Opened at 2009-11-01T01:13:48Z
Last modified at 2010-12-28T16:00:24Z
#823 new defect
WUI server should have a disallow-all robots.txt
Reported by: | davidsarah | Owned by: | |
---|---|---|---|
Priority: | major | Milestone: | undecided |
Component: | code-frontend-web | Version: | 1.5.0 |
Keywords: | privacy | Cc: | |
Launchpad Bug: |
Description
Currently, if a web crawler gets access to a Tahoe WUI gateway server then it will crawl all reachable links. This is probably undesirable, or at least not a sensible default (even though it is understood that robots.txt is not meant as a security mechanism).
WUI servers should have a disallow-all robots.txt:
User-agent: * Disallow: /
The robots.txt specification is at http://www.robotstxt.org/orig.html
Change History (6)
comment:1 Changed at 2009-11-01T01:21:08Z by davidsarah
comment:2 Changed at 2009-11-01T02:04:17Z by davidsarah
The Welcome page does include the introducer FURL, which some users might want to keep private as per #562.
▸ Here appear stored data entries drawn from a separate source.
lemma higher_deriv_Re_along_line:
  fixes G :: "complex \<Rightarrow> complex"
  assumes hol: "G holomorphic_on S" and "open S" and "p + of_real t * q \<in> S"
  shows "(deriv ^^ n) (\<lambda>t. Re (c * G (p + of_real t * q))) t
           = Re (c * q ^ n * (deriv ^^ n) G (p + of_real t * q))"
  using assms(3)
proof (induction n arbitrary: t)
  case (Suc n)
  define Gn where "Gn = (deriv ^^ n) G"
  have "((\<lambda>s. p + of_real s * q) \<longlongrightarrow> p + of_real t * q) (nhds t)"
    by (intro tendsto_intros filterlim_ident)
  then have "eventually (\<lambda>s. p + of_real s * q \<in> S) (nhds t)"
    using \<open>open S\<close> Suc.prems by (rule topological_tendstoD)
  then have "eventually (\<lambda>s. (deriv ^^ n) (\<lambda>t. Re (c * G (p + of_real t * q))) s
               = Re (c * q ^ n * Gn (p + of_real s * q))) (nhds t)"
    by (rule eventually_mono) (simp only: Suc.IH Gn_def)
  then have "(deriv ^^ Suc n) (\<lambda>t. Re (c * G (p + of_real t * q))) t
               = deriv (\<lambda>s. Re (c * q ^ n * Gn (p + of_real s * q))) t"
    by (simp add: deriv_cong_ev)
  also have "\<dots> = Re (c * q ^ n * (deriv Gn (p + of_real t * q) * q))"
  proof (intro DERIV_imp_deriv has_field_derivative_Re has_vector_derivative_real_field)
    have "(Gn has_field_derivative deriv Gn (p + of_real t * q)) (at (p + of_real t * q))"
      unfolding Gn_def using holomorphic_higher_deriv[OF hol \<open>open S\<close>] \<open>open S\<close> Suc.prems
      by (rule holomorphic_derivI)
    then show "((\<lambda>x. c * q ^ n * Gn (p + x * q)) has_field_derivative
                 c * q ^ n * (deriv Gn (p + of_real t * q) * q)) (at (of_real t))"
      by (auto intro!: derivative_eq_intros DERIV_chain2[where f = Gn])
  qed
  also have "\<dots> = Re (c * q ^ Suc n * (deriv ^^ Suc n) G (p + of_real t * q))"
    by (simp add: Gn_def algebra_simps)
  finally show ?case .
qed simp

lemma mixed_pderiv_Re_holomorphic:
  fixes G :: "complex \<Rightarrow> complex"
  assumes hol: "G holomorphic_on S" and "open S" and "Complex r w \<in> S"
  shows "mixed_pderiv i j (\<lambda>s v. Re (c * G (Complex s v))) r w
           = Re (c * \<i> ^ j * (deriv ^^ (i + j)) G (Complex r w))"
proof -
  have horizontal: "Complex s v = \<i> * of_real v + of_real s * 1"
   and vertical: "Complex s v = of_real s + of_real v * \<i>" for s v
    by (simp_all add: complex_eq_iff)
  have inner: "(deriv ^^ j) (\<lambda>v. Re (c * G (Complex s v))) w
                 = Re (c * \<i> ^ j * (deriv ^^ j) G (\<i> * of_real w + of_real s * 1))"
    if "Complex s w \<in> S" for s
    using higher_deriv_Re_along_line[OF hol \<open>open S\<close>, of "of_real s" w \<i> j c] that
    by (simp only: vertical horizontal[of s w, symmetric])
  have "((\<lambda>s. \<i> * of_real w + of_real s * 1) \<longlongrightarrow> \<i> * of_real w + of_real r * 1) (nhds r)"
    by (intro tendsto_intros filterlim_ident)
  then have "eventually (\<lambda>s. \<i> * of_real w + of_real s * 1 \<in> S) (nhds r)"
    using \<open>open S\<close> \<open>Complex r w \<in> S\<close> unfolding horizontal by (rule topological_tendstoD)
  then have "eventually (\<lambda>s. (deriv ^^ j) (\<lambda>v. Re (c * G (Complex s v))) w
               = Re (c * \<i> ^ j * (deriv ^^ j) G (\<i> * of_real w + of_real s * 1))) (nhds r)"
    by (rule eventually_mono) (simp only: inner flip: horizontal)
  then have "mixed_pderiv i j (\<lambda>s v. Re (c * G (Complex s v))) r w
      = (deriv ^^ i) (\<lambda>s. Re (c * \<i> ^ j * (deriv ^^ j) G (\<i> * of_real w + of_real s * 1))) r"
    unfolding mixed_pderiv_def by (rule higher_deriv_cong_ev) simp
  also have "\<dots> = Re (c * \<i> ^ j * (deriv ^^ (i + j)) G (Complex r w))"
    using higher_deriv_Re_along_line[OF holomorphic_higher_deriv[OF hol \<open>open S\<close>, where n = j]
        \<open>open S\<close> \<open>Complex r w \<in> S\<close>[unfolded horizontal], of i "c * \<i> ^ j"]
    unfolding horizontal[symmetric] by (simp add: funpow_add)
  finally show ?thesis .
qed

lemma mixed_pderiv_cong_ev:
  assumes "eventually (\<lambda>(s, v). F s v = H s v) (nhds (r, w))"
  shows "mixed_pderiv i j F r w = mixed_pderiv i j H r w"
proof -
  obtain P Q where "eventually P (nhds r)" "eventually Q (nhds w)"
      and PQ: "\<And>s v. P s \<Longrightarrow> Q v \<Longrightarrow> F s v = H s v"
    using assms unfolding nhds_prod eventually_prod_filter by auto
  from \<open>eventually P (nhds r)\<close>
  have "eventually (\<lambda>s. (deriv ^^ j) (\<lambda>v. F s v) w = (deriv ^^ j) (\<lambda>v. H s v) w) (nhds r)"
    by (rule eventually_mono)
      (use \<open>eventually Q (nhds w)\<close> PQ in \<open>auto intro!: higher_deriv_cong_ev elim: eventually_mono\<close>)
  then show ?thesis
    unfolding mixed_pderiv_def by (rule higher_deriv_cong_ev) simp
qed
comment:3 Changed at 2009-11-01T04:42:06Z by zooko
I think it is kind of cool that I occasionally find files on Tahoe-LAFS grid in google search results.
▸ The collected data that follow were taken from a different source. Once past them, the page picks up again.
(* Let $T\in\mathbb{T}$ have a positive weight on each edge, with adjacency matrix $A$. Then the smallest positive eigenvalue $\tau(T)$ of $A$ is simple, and there exists an eigenvector of $A$ corresponding to $\tau(T)$ all of whose entries are nonzero.
   Context: $\mathbb{T}$ is the class of simple undirected weighted trees $T$ such that (i) $T$ has at least one non-pendant vertex, and (ii) every non-pendant vertex of $T$ is adjacent to at least one pendant vertex (a vertex of degree one). The adjacency matrix $A$ has $(i,j)$ entry equal to the weight of edge $v_iv_j$, or $0$ if no edge. *)

theory Defs
  imports "Jordan_Normal_Form.Char_Poly"
begin

definition simple_graph :: "nat \<Rightarrow> (nat \<Rightarrow> nat \<Rightarrow> bool) \<Rightarrow> bool" where
  "simple_graph n E \<longleftrightarrow> (\<forall>i j. E i j \<longrightarrow> i < n \<and> j < n) \<and>
     (\<forall>i j. E i j \<longleftrightarrow> E j i) \<and> (\<forall>i. \<not> E i i)"

definition graph_connected :: "nat \<Rightarrow> (nat \<Rightarrow> nat \<Rightarrow> bool) \<Rightarrow> bool" where
  "graph_connected n E \<longleftrightarrow> (\<forall>i<n. \<forall>j<n. E\<^sup>*\<^sup>* i j)"

definition is_cycle :: "(nat \<Rightarrow> nat \<Rightarrow> bool) \<Rightarrow> nat list \<Rightarrow> bool" where
  "is_cycle E vs \<longleftrightarrow> length vs \<ge> 3 \<and> distinct vs \<and>
     (\<forall>k. Suc k < length vs \<longrightarrow> E (vs ! k) (vs ! Suc k)) \<and> E (last vs) (hd vs)"

definition is_tree :: "nat \<Rightarrow> (nat \<Rightarrow> nat \<Rightarrow> bool) \<Rightarrow> bool" where
  "is_tree n E \<longleftrightarrow> n \<ge> 1 \<and> simple_graph n E \<and> graph_connected n E \<and> (\<nexists>vs. is_cycle E vs)"

definition degree :: "nat \<Rightarrow> (nat \<Rightarrow> nat \<Rightarrow> bool) \<Rightarrow> nat \<Rightarrow> nat" where
  "degree n E i = card {j. j < n \<and> E i j}"

definition pendant :: "nat \<Rightarrow> (nat \<Rightarrow> nat \<Rightarrow> bool) \<Rightarrow> nat \<Rightarrow> bool" where
  "pendant n E i \<longleftrightarrow> degree n E i = 1"

definition class_T :: "nat \<Rightarrow> (nat \<Rightarrow> nat \<Rightarrow> bool) \<Rightarrow> bool" where
  "class_T n E \<longleftrightarrow> is_tree n E \<and> (\<exists>i<n. \<not> pendant n E i) \<and>
     (\<forall>i<n. \<not> pendant n E i \<longrightarrow> (\<exists>j<n. E i j \<and> pendant n E j))"

definition adj_matrix :: "nat \<Rightarrow> (nat \<Rightarrow> nat \<Rightarrow> bool) \<Rightarrow> (nat \<Rightarrow> nat \<Rightarrow> real) \<Rightarrow> real mat" where
  "adj_matrix n E w = mat n n (\<lambda>(i, j). if E i j then w i j else 0)"

end

(*
  The adjacency matrix A of a tree T in class T is symmetric, so it is diagonalisable with real
  spectrum, and algebraic and geometric multiplicities agree. Because every non-pendant vertex
  carries a leaf, A has an explicit pseudo-inverse C, built from the leaves and their parents,
  with C x = x / lambda for every eigenvector x of A for lambda (and C x = 0 when lambda = 0).
  Hence 1 / tau is the largest eigenvalue of C, i.e. (1 / tau) I - C is positive semidefinite.
  Signing a leaf like its parent and the non-pendant vertices by a bipartition of the tree makes
  C entrywise nonnegative and positive along a connected pattern, so a Perron-Frobenius argument
  shows that every eigenvector of A for tau is nowhere zero. Two such eigenvectors are then
  proportional (compare them at one vertex), so tau is simple. A positive eigenvalue exists
  because A is nonzero and the spectrum of a bipartite graph is symmetric about 0.
*)

theory Submission
  imports Defs Jordan_Normal_Form.Jordan_Normal_Form_Uniqueness
    Jordan_Normal_Form.Jordan_Normal_Form_Existence
begin

hide_const (open) Coset.order

section \<open>Symmetric matrices and their eigenvectors\<close>

lemma index_mult_mat_vec_sum:
  "A \<in> carrier_mat n m \<Longrightarrow> v \<in> carrier_vec m \<Longrightarrow> i < n \<Longrightarrow>
    (A *\<^sub>v v) $ i = (\<Sum>j<m. A $$ (i,j) * v $ j)"
  by (auto simp: scalar_prod_def atLeast0LessThan intro!: sum.cong)

lemma scalar_prod_mult_mat_vec_sum:
  fixes A :: "'a :: comm_semiring_0 mat"
  shows "A \<in> carrier_mat n n \<Longrightarrow> y \<in> carrier_vec n \<Longrightarrow>
    y \<bullet> (A *\<^sub>v y) = (\<Sum>i<n. \<Sum>j<n. A $$ (i,j) * (y $ i * y $ j))"
  by (auto simp: scalar_prod_def atLeast0LessThan index_mult_mat_vec_sum sum_distrib_left
      intro!: sum.cong) (simp add: algebra_simps)

lemma real_scalar_prod_self_eq_0_iff:
  fixes v :: "real vec"
  assumes "v \<in> carrier_vec n"
  shows "v \<bullet> v = 0 \<longleftrightarrow> v = 0\<^sub>v n"
proof -
  have "conjugate v = v" by (rule eq_vecI) (simp_all add: conjugate_real_def)
  with conjugate_square_eq_0_vec[OF assms] show ?thesis by simp
qed

lemma smult_one_minus_mult_mat_vec:
  fixes C :: "'a :: comm_ring_1 mat"
  assumes C: "C \<in> carrier_mat n n" and y: "y \<in> carrier_vec n"
  shows "(\<rho> \<cdot>\<^sub>m 1\<^sub>m n - C) *\<^sub>v y = \<rho> \<cdot>\<^sub>v y - C *\<^sub>v y"
proof -
  have "(\<rho> \<cdot>\<^sub>m 1\<^sub>m n) *\<^sub>v y = \<rho> \<cdot>\<^sub>v y"
    using y
    by (intro eq_vecI) (auto simp: index_mult_mat_vec_sum[of _ n n] if_distrib cong: if_cong)
  then show ?thesis using C y by (simp add: minus_mult_distrib_mat_vec[of _ n n])
qed

lemma mult_eq_mult_mat_diag_iff:
  fixes M :: "'a :: comm_ring_1 mat"
  assumes M: "M \<in> carrier_mat n n" and P: "P \<in> carrier_mat n n"
  shows "M * P = P * mat_diag n g \<longleftrightarrow> (\<forall>i<n. M *\<^sub>v col P i = g i \<cdot>\<^sub>v col P i)"
proof -
  have entries: "(M * P) $$ (k,i) = (M *\<^sub>v col P i) $ k"
    "(P * mat_diag n g) $$ (k,i) = (g i \<cdot>\<^sub>v col P i) $ k" if "k < n" "i < n" for k i
    using that M P by (simp_all add: mat_diag_mult_right[OF P] mult.commute)
  show ?thesis
  proof
    assume "M * P = P * mat_diag n g"
    then show "\<forall>i<n. M *\<^sub>v col P i = g i \<cdot>\<^sub>v col P i"
      using M P entries by (auto intro!: eq_vecI)
  next
    assume cols: "\<forall>i<n. M *\<^sub>v col P i = g i \<cdot>\<^sub>v col P i"
    show "M * P = P * mat_diag n g"
    proof (rule eq_matI)
      fix k i assume "k < dim_row (P * mat_diag n g)" "i < dim_col (P * mat_diag n g)"
      then have "k < n" "i < n" using P by (auto simp: mat_diag_def)
      then show "(M * P) $$ (k,i) = (P * mat_diag n g) $$ (k,i)" using entries cols by simp
    qed (use M P in \<open>auto simp: mat_diag_def\<close>)
  qed
qed

lemma finite_eigenvalues:
  fixes A :: "'a :: field mat"
  assumes A: "A \<in> carrier_mat n n"
  shows "finite {\<mu>. eigenvalue A \<mu>}"
proof -
  have "char_poly A \<noteq> 0" using degree_monic_char_poly[OF A] by auto
  then have "finite {\<mu>. poly (char_poly A) \<mu> = 0}" by (rule poly_roots_finite)
  then show ?thesis by (simp add: eigenvalue_root_char_poly[OF A])
qed

lemma kernel_dim_char_matrix_le_1:
  fixes A :: "'a :: field mat"
  assumes A: "A \<in> carrier_mat n n" and v: "eigenvector A v e" and i: "i < n"
    and nonzero: "\<And>x. eigenvector A x e \<Longrightarrow> x $ i \<noteq> 0"
  shows "kernel_dim (char_matrix A e) \<le> 1"
proof -
  define M where "M = char_matrix A e"
  have M: "M \<in> carrier_mat n n" unfolding M_def using A by simp
  interpret K: kernel n n M by unfold_locales (rule M)
  have kernel_iff: "u \<in> mat_kernel M \<longleftrightarrow> u \<in> carrier_vec n \<and> M *\<^sub>v u = 0\<^sub>v n" for u
    using mat_kernel[OF M] by simp
  have eigenvector_iff: "eigenvector A u e \<longleftrightarrow> u \<in> mat_kernel M \<and> u \<noteq> 0\<^sub>v n" for u
    using eigenvector_char_matrix[OF A] kernel_iff unfolding M_def by blast
  have vK: "v \<in> mat_kernel M" using v eigenvector_iff by blast
  have "mat_kernel M \<subseteq> K.span {v}"
  proof
    fix u assume uK: "u \<in> mat_kernel M"
    define c where "c = u $ i / v $ i"
    have "u - c \<cdot>\<^sub>v v \<in> mat_kernel M"
      using uK vK M by (simp add: kernel_iff mult_minus_distrib_mat_vec mult_mat_vec)
    moreover have "(u - c \<cdot>\<^sub>v v) $ i = 0"
      using nonzero[OF v] uK vK i by (auto simp: kernel_iff c_def)
    ultimately have diff: "u - c \<cdot>\<^sub>v v = 0\<^sub>v n" using nonzero eigenvector_iff by blast
    have "u $ j = (c \<cdot>\<^sub>v v) $ j" if "j < n" for j
      using arg_cong[OF diff, of "\<lambda>z. z $ j"] that uK vK by (auto simp: kernel_iff)
    then have "u = c \<cdot>\<^sub>v v" using uK vK by (intro eq_vecI) (auto simp: kernel_iff)
    moreover have "submodule class_ring (K.span {v}) K.VK"
      by (rule K.Ker.span_is_submodule) (use vK in simp)
    moreover have "v \<in> K.span {v}" using K.Ker.in_own_span[of "{v}"] vK by auto
    ultimately show "u \<in> K.span {v}"
      using submodule.smult_closed[of class_ring "K.span {v}" K.VK c v] by simp
  qed
  moreover have "K.span {v} \<subseteq> mat_kernel M"
    using K.Ker.span_is_subset2[of "{v}"] vK by simp
  ultimately have "K.span {v} = mat_kernel M" by blast
  then have "K.dim \<le> 1" using K.Ker.dim_le1I vK by simp
  then show ?thesis unfolding M_def[symmetric] by simp
qed

definition sym_mat :: "nat \<Rightarrow> 'a mat \<Rightarrow> bool" where
  "sym_mat n A \<longleftrightarrow> A \<in> carrier_mat n n \<and> (\<forall>i<n. \<forall>j<n. A $$ (i,j) = A $$ (j,i))"

lemma sym_mat_carrier: "sym_mat n A \<Longrightarrow> A \<in> carrier_mat n n"
  by (simp add: sym_mat_def)

lemma sym_mat_index: "sym_mat n A \<Longrightarrow> i < n \<Longrightarrow> j < n \<Longrightarrow> A $$ (i,j) = A $$ (j,i)"
  by (simp add: sym_mat_def)

lemma sym_mat_transpose: "sym_mat n A \<Longrightarrow> transpose_mat A = A"
  by (rule eq_matI) (auto simp: sym_mat_def)

lemma sym_mat_smult_one_minus:
  assumes S: "sym_mat n C"
  shows "sym_mat n (\<rho> \<cdot>\<^sub>m 1\<^sub>m n - C)"
  unfolding sym_mat_def
proof (intro conjI allI impI)
  show "\<rho> \<cdot>\<^sub>m 1\<^sub>m n - C \<in> carrier_mat n n" by (rule minus_carrier_mat[OF sym_mat_carrier[OF S]])
  fix i j assume ij: "i < n" "j < n"
  have "C $$ (i,j) = C $$ (j,i)" by (rule sym_mat_index[OF S ij])
  with ij show "(\<rho> \<cdot>\<^sub>m 1\<^sub>m n - C) $$ (i,j) = (\<rho> \<cdot>\<^sub>m 1\<^sub>m n - C) $$ (j,i)"
    using sym_mat_carrier[OF S] by simp
qed

lemma sym_mat_complex_eigenvalue_real:
  fixes A :: "real mat"
  assumes S: "sym_mat n A"
    and ev: "eigenvalue (map_mat complex_of_real A) a"
  shows "Im a = 0"
proof -
  have A: "A \<in> carrier_mat n n" using S by (rule sym_mat_carrier)
  let ?Ac = "map_mat complex_of_real A"
  have Ac: "?Ac \<in> carrier_mat n n" using A by simp
  from ev obtain u where u: "eigenvector ?Ac u a" unfolding eigenvalue_def by auto
  hence uc: "u \<in> carrier_vec n" and un: "u \<noteq> 0\<^sub>v n" and eq: "?Ac *\<^sub>v u = a \<cdot>\<^sub>v u"
    using Ac unfolding eigenvector_def by auto
  have rows: "(\<Sum>j<n. complex_of_real (A $$ (i,j)) * u $ j) = a * u $ i" if "i < n" for i
  proof -
    have "(?Ac *\<^sub>v u) $ i = (a \<cdot>\<^sub>v u) $ i" using eq by simp
    thus ?thesis using index_mult_mat_vec_sum[OF Ac uc that] that A uc by simp
  qed
  define s where "s = (\<Sum>i<n. cnj (u $ i) * (\<Sum>j<n. complex_of_real (A $$ (i,j)) * u $ j))"
  define N where "N = (\<Sum>i<n. cnj (u $ i) * u $ i)"
  have s_eq: "s = a * N" unfolding s_def N_def
    by (auto simp: rows sum_distrib_left intro!: sum.cong)
  have "cnj s = (\<Sum>i<n. \<Sum>j<n. cnj (u $ j) * complex_of_real (A $$ (j,i)) * u $ i)"
    unfolding s_def
    by (auto simp: sum_distrib_left sym_mat_index[OF S] mult_ac intro!: sum.cong)
  also have "\<dots> = s"
    by (subst sum.swap) (simp only: s_def sum_distrib_left mult.assoc)
  finally have s_real: "cnj s = s" .
  have N_real: "N = complex_of_real (\<Sum>i<n. (cmod (u $ i))^2)"
    unfolding N_def of_real_sum by (intro sum.cong refl) (metis complex_norm_square mult.commute)
  obtain k where k: "k < n" "u $ k \<noteq> 0"
    using un uc by (metis eq_vecI carrier_vecD index_zero_vec)
  have "(cmod (u $ k))^2 \<le> (\<Sum>i<n. (cmod (u $ i))^2)"
    by (rule member_le_sum) (use k in auto)
  moreover have "(cmod (u $ k))^2 > 0" using k by simp
  ultimately have "N \<noteq> 0" unfolding N_real by (metis not_less of_real_eq_0_iff)
  moreover have "cnj a * N = a * N"
    using s_eq s_real N_real by (metis complex_cnj_complex_of_real complex_cnj_mult)
  ultimately have "cnj a = a" by simp
  thus ?thesis by (metis Reals_cnj_iff complex_is_Real_iff)
qed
comment:4 Changed at 2009-12-20T23:44:08Z by davidsarah
- Keywords privacy added
If you like this bug, you might also like #860.
comment:5 Changed at 2010-12-26T03:25:41Z by davidsarah
warner in ticket:127#comment:29 gives another reason to fix this ticket:
Incidentally, someone told me the other day that any URLs sent through various google products (Google Talk the IM system, Gmail, anything you browse while the Google Toolbar is in your browser) gets spidered and added to the public index. The person couldn't think of any conventions (beyond robots.txt) to convince them to *not* follow those links, but they could think of lots of things to encourage their spider even more.
I plan to do some tests of this (or just ask google's spider to tell me about tests which somebody else has undoubtedly performed already).
I know, I know, it's one of those boiling the ocean things, it's really unfortunate that so many tools are so hostile to the really-convenient idea of secret URLs.
comment:6 Changed at 2010-12-28T16:00:24Z by zooko
I disagree with "WUI server should have a disallow-all robots.txt". I think if a web crawler gets access to a cap then it should crawl and index all the files and directories reachable from that cap. I suppose you can put a robots.txt file into a directory in Tahoe-LAFS if you want crawlers to ignore that directory.
On closer examination, the Welcome (root) page only links to statistics pages. OTOH, a directory page might be linked from elsewhere on the web, in which case everything reachable from that directory would be crawled. Anyway, it seems easy to fix.